● WHAT IS REQUIRED
Using the data below, show every line where the word "imports" occurs.

● DATA TO USE
(* The homogeneous Finsler space $(G/H,F)$ is naturally reductive (with respect to $\mathfrak g=\mathfrak h+\mathfrak m$) if and only if $[u,A_u(u)]=0$ for every nonzero $u\in\mathfrak m$.
   Context: $G$ is a compact connected semisimple Lie group, $H$ a closed subgroup, $Q=-B$ with $B$ the Killing form of $\mathfrak g$, $\mathfrak m$ the $Q$-orthogonal complement of $\mathfrak h$, identified with $T_{eH}(G/H)$; for $X\in\mathfrak g$, $X_{\mathfrak m}$ is its $\mathfrak m$-component. A $G$-invariant Finsler metric $F$ corresponds to an $\mathrm{Ad}(H)$-invariant Minkowski norm on $\mathfrak m$ with fundamental tensor $g_y(u,v)=\frac12\frac{\partial^2}{\partial s\partial t}F^2(y+su+tv)|_{s=t=0}$. For $y\neq0$, the metric operator $A_y$ is defined by $g_y(u,v)=Q(A_y(u),v)$. $(G/H,F)$ is naturally reductive if $g_u(u,[u,v]_{\mathfrak m})=0$ for all nonzero $u\in\mathfrak m$ and all $v\in\mathfrak m$. *)

theory Defs
  imports "HOL-Analysis.Analysis"
begin

text \<open>Lie-algebraic model of a homogeneous Finsler space G/H with G compact connected
semisimple.\<close>

definition lie_bracket :: "('g::euclidean_space \<Rightarrow> 'g \<Rightarrow> 'g) \<Rightarrow> bool" where
  "lie_bracket br \<longleftrightarrow> (\<forall>x. linear (br x)) \<and> (\<forall>y. linear (\<lambda>x. br x y))
     \<and> (\<forall>x. br x x = 0)
     \<and> (\<forall>x y z. br x (br y z) + br y (br z x) + br z (br x y) = 0)"

definition lin_trace :: "('g::euclidean_space \<Rightarrow> 'g) \<Rightarrow> real" where
  "lin_trace f = (\<Sum>b\<in>Basis. f b \<bullet> b)"

definition killing :: "('g::euclidean_space \<Rightarrow> 'g \<Rightarrow> 'g) \<Rightarrow> 'g \<Rightarrow> 'g \<Rightarrow> real" where
  "killing br x y = lin_trace (\<lambda>z. br x (br y z))"

definition lin_exp :: "('g::euclidean_space \<Rightarrow> 'g) \<Rightarrow> 'g \<Rightarrow> 'g" where
  "lin_exp L = (\<lambda>x. \<Sum>k. (1 / fact k) *\<^sub>R (L ^^ k) x)"

text \<open>Ad(H) is a closed subgroup of Int(g) = {exp(ad X)} (the adjoint group of the compact
semisimple g), consisting of Lie algebra automorphisms.\<close>
definition closed_adjoint_subgroup :: "('g::euclidean_space \<Rightarrow> 'g \<Rightarrow> 'g) \<Rightarrow> ('g \<Rightarrow> 'g) set \<Rightarrow> bool" where
  "closed_adjoint_subgroup br AdH \<longleftrightarrow>
     id \<in> AdH
   \<and> (\<forall>k\<in>AdH. linear k \<and> bij k \<and> (\<forall>x y. k (br x y) = br (k x) (k y)))
   \<and> (\<forall>k\<in>AdH. \<forall>l\<in>AdH. k \<circ> l \<in> AdH)
   \<and> (\<forall>k\<in>AdH. inv k \<in> AdH)
   \<and> (\<forall>k\<in>AdH. \<exists>X. k = lin_exp (br X))
   \<and> (\<forall>K k. (\<forall>n. K n \<in> AdH) \<longrightarrow> linear k \<longrightarrow> (\<forall>x. (\<lambda>n. K n x) \<longlonglongrightarrow> k x) \<longrightarrow> k \<in> AdH)"

text \<open>Lie algebra of Ad(H) (pulled back via ad): h = {X. exp(t ad X) \<in> Ad(H) for all t}.\<close>
definition lie_alg_of :: "('g::euclidean_space \<Rightarrow> 'g \<Rightarrow> 'g) \<Rightarrow> ('g \<Rightarrow> 'g) set \<Rightarrow> 'g set" where
  "lie_alg_of br AdH = {X. \<forall>t::real. lin_exp (\<lambda>y. t *\<^sub>R br X y) \<in> AdH}"

definition Qform :: "('g::euclidean_space \<Rightarrow> 'g \<Rightarrow> 'g) \<Rightarrow> 'g \<Rightarrow> 'g \<Rightarrow> real" where
  "Qform br x y = - killing br x y"

definition mcompl :: "('g::euclidean_space \<Rightarrow> 'g \<Rightarrow> 'g) \<Rightarrow> 'g set \<Rightarrow> 'g set" where
  "mcompl br h = {v. \<forall>x\<in>h. Qform br x v = 0}"

definition mpart :: "('g::euclidean_space \<Rightarrow> 'g \<Rightarrow> 'g) \<Rightarrow> 'g set \<Rightarrow> 'g \<Rightarrow> 'g" where
  "mpart br h X = (THE w. w \<in> mcompl br h \<and> X - w \<in> h)"

fun higher_dirderivs :: "nat \<Rightarrow> ('g::euclidean_space \<Rightarrow> real) \<Rightarrow> ('g \<Rightarrow> real) set" where
  "higher_dirderivs 0 f = {f}"
| "higher_dirderivs (Suc k) f =
     {(\<lambda>x. frechet_derivative g (at x) v) | g v. g \<in> higher_dirderivs k f}"

definition smooth_on :: "'g::euclidean_space set \<Rightarrow> ('g \<Rightarrow> real) \<Rightarrow> bool" where
  "smooth_on S f \<longleftrightarrow> (\<forall>k. \<forall>g\<in>higher_dirderivs k f. g differentiable_on S)"

definition fund_tensor :: "('g::euclidean_space \<Rightarrow> real) \<Rightarrow> 'g \<Rightarrow> 'g \<Rightarrow> 'g \<Rightarrow> real" where
  "fund_tensor F y u v =
     (1/2) * deriv (\<lambda>s. deriv (\<lambda>t. (F (y + s *\<^sub>R u + t *\<^sub>R v))\<^sup>2) 0) 0"

text \<open>Minkowski norm on the subspace m (F only matters on m).\<close>
definition minkowski_norm_on :: "'g::euclidean_space set \<Rightarrow> ('g \<Rightarrow> real) \<Rightarrow> bool" where
  "minkowski_norm_on m F \<longleftrightarrow>
     (\<forall>y\<in>m. F y \<ge> 0) \<and> (\<forall>y\<in>m. y \<noteq> 0 \<longrightarrow> F y > 0)
   \<and> (\<forall>y\<in>m. \<forall>c>0. F (c *\<^sub>R y) = c * F y)
   \<and> (\<exists>S Fe. open S \<and> m - {0} \<subseteq> S \<and> smooth_on S Fe \<and> (\<forall>y\<in>m. Fe y = F y))
   \<and> (\<forall>y\<in>m - {0}. \<forall>u\<in>m - {0}. fund_tensor F y u u > 0)"

definition metric_op :: "('g::euclidean_space \<Rightarrow> 'g \<Rightarrow> 'g) \<Rightarrow> 'g set \<Rightarrow> ('g \<Rightarrow> real) \<Rightarrow> 'g \<Rightarrow> 'g \<Rightarrow> 'g" where
  "metric_op br m F y u = (THE w. w \<in> m \<and> (\<forall>v\<in>m. fund_tensor F y u v = Qform br w v))"

definition naturally_reductive :: "('g::euclidean_space \<Rightarrow> 'g \<Rightarrow> 'g) \<Rightarrow> 'g set \<Rightarrow> ('g \<Rightarrow> real) \<Rightarrow> bool" where
  "naturally_reductive br h F \<longleftrightarrow>
     (\<forall>u\<in>mcompl br h - {0}. \<forall>v\<in>mcompl br h.
        fund_tensor F u u (mpart br h (br u v)) = 0)"

end

theory Submission
  imports Defs
begin

text \<open>
  For \<open>u \<in> m - {0}\<close>, positive homogeneity of \<open>F\<close> gives \<open>g\<^sub>u(u, v) = F(u) dF\<^sub>u(v)\<close>, so \<open>A\<^sub>u(u)\<close> is
  the \<open>Q\<close>-dual of \<open>F(u) dF\<^sub>u\<close> on \<open>m\<close>, and the ad-invariance of \<open>Q\<close> turns
  \<open>g\<^sub>u(u, [u, v]\<^sub>m)\<close> into \<open>-Q([u, A\<^sub>u(u)], v)\<close>. Natural reductivity therefore says that
  \<open>[u, A\<^sub>u(u)]\<close> is \<open>Q\<close>-orthogonal to \<open>m\<close>. It is always \<open>Q\<close>-orthogonal to \<open>h\<close>:
  differentiating \<open>F(exp(t ad x) u) = F(u)\<close> at \<open>t = 0\<close> gives \<open>dF\<^sub>u([x, u]) = 0\<close> for \<open>x \<in> h\<close>.
  As \<open>Q\<close> is positive definite, \<open>[u, A\<^sub>u(u)] = 0\<close>. For the \<open>m\<close>-component to be well defined,
  \<open>h\<close> must be a subspace; closure under addition comes from the Lie product formula
  and the closedness of \<open>Ad(H)\<close>.
\<close>

text \<open>Bounded linear endomorphisms form a Banach algebra under composition; giving them a type
  of their own makes the library's \<open>exp\<close> available for \<open>exp (t ad X)\<close>.\<close>

typedef (overloaded) 'a endo = "UNIV :: ('a::euclidean_space \<Rightarrow>\<^sub>L 'a) set"
  morphisms blinfun_of_endo endo_of_blinfun by auto

setup_lifting type_definition_endo

instantiation endo :: (euclidean_space) real_normed_algebra_1
begin
lift_definition zero_endo :: "'a endo" is 0 .
lift_definition one_endo :: "'a endo" is id_blinfun .
lift_definition plus_endo :: "'a endo \<Rightarrow> 'a endo \<Rightarrow> 'a endo" is "(+)" .
lift_definition minus_endo :: "'a endo \<Rightarrow> 'a endo \<Rightarrow> 'a endo" is "(-)" .
lift_definition uminus_endo :: "'a endo \<Rightarrow> 'a endo" is "uminus" .
lift_definition times_endo :: "'a endo \<Rightarrow> 'a endo \<Rightarrow> 'a endo" is "(o\<^sub>L)" .
lift_definition scaleR_endo :: "real \<Rightarrow> 'a endo \<Rightarrow> 'a endo" is "scaleR" .
lift_definition norm_endo :: "'a endo \<Rightarrow> real" is norm .
lift_definition dist_endo :: "'a endo \<Rightarrow> 'a endo \<Rightarrow> real" is dist .
definition sgn_endo :: "'a endo \<Rightarrow> 'a endo" where "sgn_endo x = scaleR (inverse (norm x)) x"
definition uniformity_endo :: "('a endo \<times> 'a endo) filter" where
  "uniformity_endo = (INF e\<in>{0<..}. principal {(x, y). dist x y < e})"
definition open_endo :: "'a endo set \<Rightarrow> bool" where
  "open_endo U = (\<forall>x\<in>U. \<forall>\<^sub>F (x', y) in uniformity. x' = x \<longrightarrow> y \<in> U)"
instance
  apply intro_classes
  apply (simp_all only: uniformity_endo_def open_endo_def sgn_endo_def)
  apply (transfer; simp add: algebra_simps dist_norm norm_triangle_ineq norm_blinfun_compose blinfun_eqI; fail)+
  apply (transfer; rule blinfun_eqI; simp add: blinfun.bilinear_simps; fail)+
  subgoal by (metis norm_blinfun_id norm_zero zero_neq_one zero_endo.rep_eq one_endo.rep_eq)
  subgoal by (simp add: dist_endo.rep_eq norm_endo.rep_eq minus_endo.rep_eq dist_norm)
  subgoal by (metis norm_endo.rep_eq zero_endo.rep_eq blinfun_of_endo_inject norm_eq_zero)
  subgoal by (simp add: norm_endo.rep_eq plus_endo.rep_eq norm_triangle_ineq)
  subgoal by (simp add: norm_endo.rep_eq scaleR_endo.rep_eq)
  subgoal by (simp add: norm_endo.rep_eq times_endo.rep_eq norm_blinfun_compose)
  subgoal by (simp add: norm_endo.rep_eq one_endo.rep_eq)
  done
end

instance endo :: (euclidean_space) banach
proof
  fix X :: "nat \<Rightarrow> 'a endo"
  assume "Cauchy X"
  then have "Cauchy (\<lambda>n. blinfun_of_endo (X n))"
    by (simp add: Cauchy_def dist_endo.rep_eq)
  then obtain L where "(\<lambda>n. blinfun_of_endo (X n)) \<longlonglongrightarrow> L"
    using convergent_eq_Cauchy by blast
  then have "X \<longlonglongrightarrow> endo_of_blinfun L"
    by (simp add: LIMSEQ_def dist_endo.rep_eq endo_of_blinfun_inverse)
  then show "convergent X" by (auto simp: convergent_def)
qed

definition endo_apply :: "'a::euclidean_space endo \<Rightarrow> 'a \<Rightarrow> 'a" where
  "endo_apply E = blinfun_apply (blinfun_of_endo E)"

definition endo_of :: "('a::euclidean_space \<Rightarrow> 'a) \<Rightarrow> 'a endo" where
  "endo_of L = endo_of_blinfun (Blinfun L)"

lemma endo_apply_endo_of: "linear L \<Longrightarrow> endo_apply (endo_of L) = L"
  unfolding endo_apply_def endo_of_def
  by (simp add: endo_of_blinfun_inverse bounded_linear_Blinfun_apply linear_conv_bounded_linear)

lemma endo_eqI: "(\<And>x. endo_apply A x = endo_apply B x) \<Longrightarrow> A = B"
  unfolding endo_apply_def by (metis blinfun_eqI blinfun_of_endo_inject)

lemma endo_apply_one: "endo_apply 1 = id"
  by (auto simp: endo_apply_def one_endo.rep_eq)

● SOLUTION TO THE PROBLEM
  imports "HOL-Analysis.Analysis"
  imports Defs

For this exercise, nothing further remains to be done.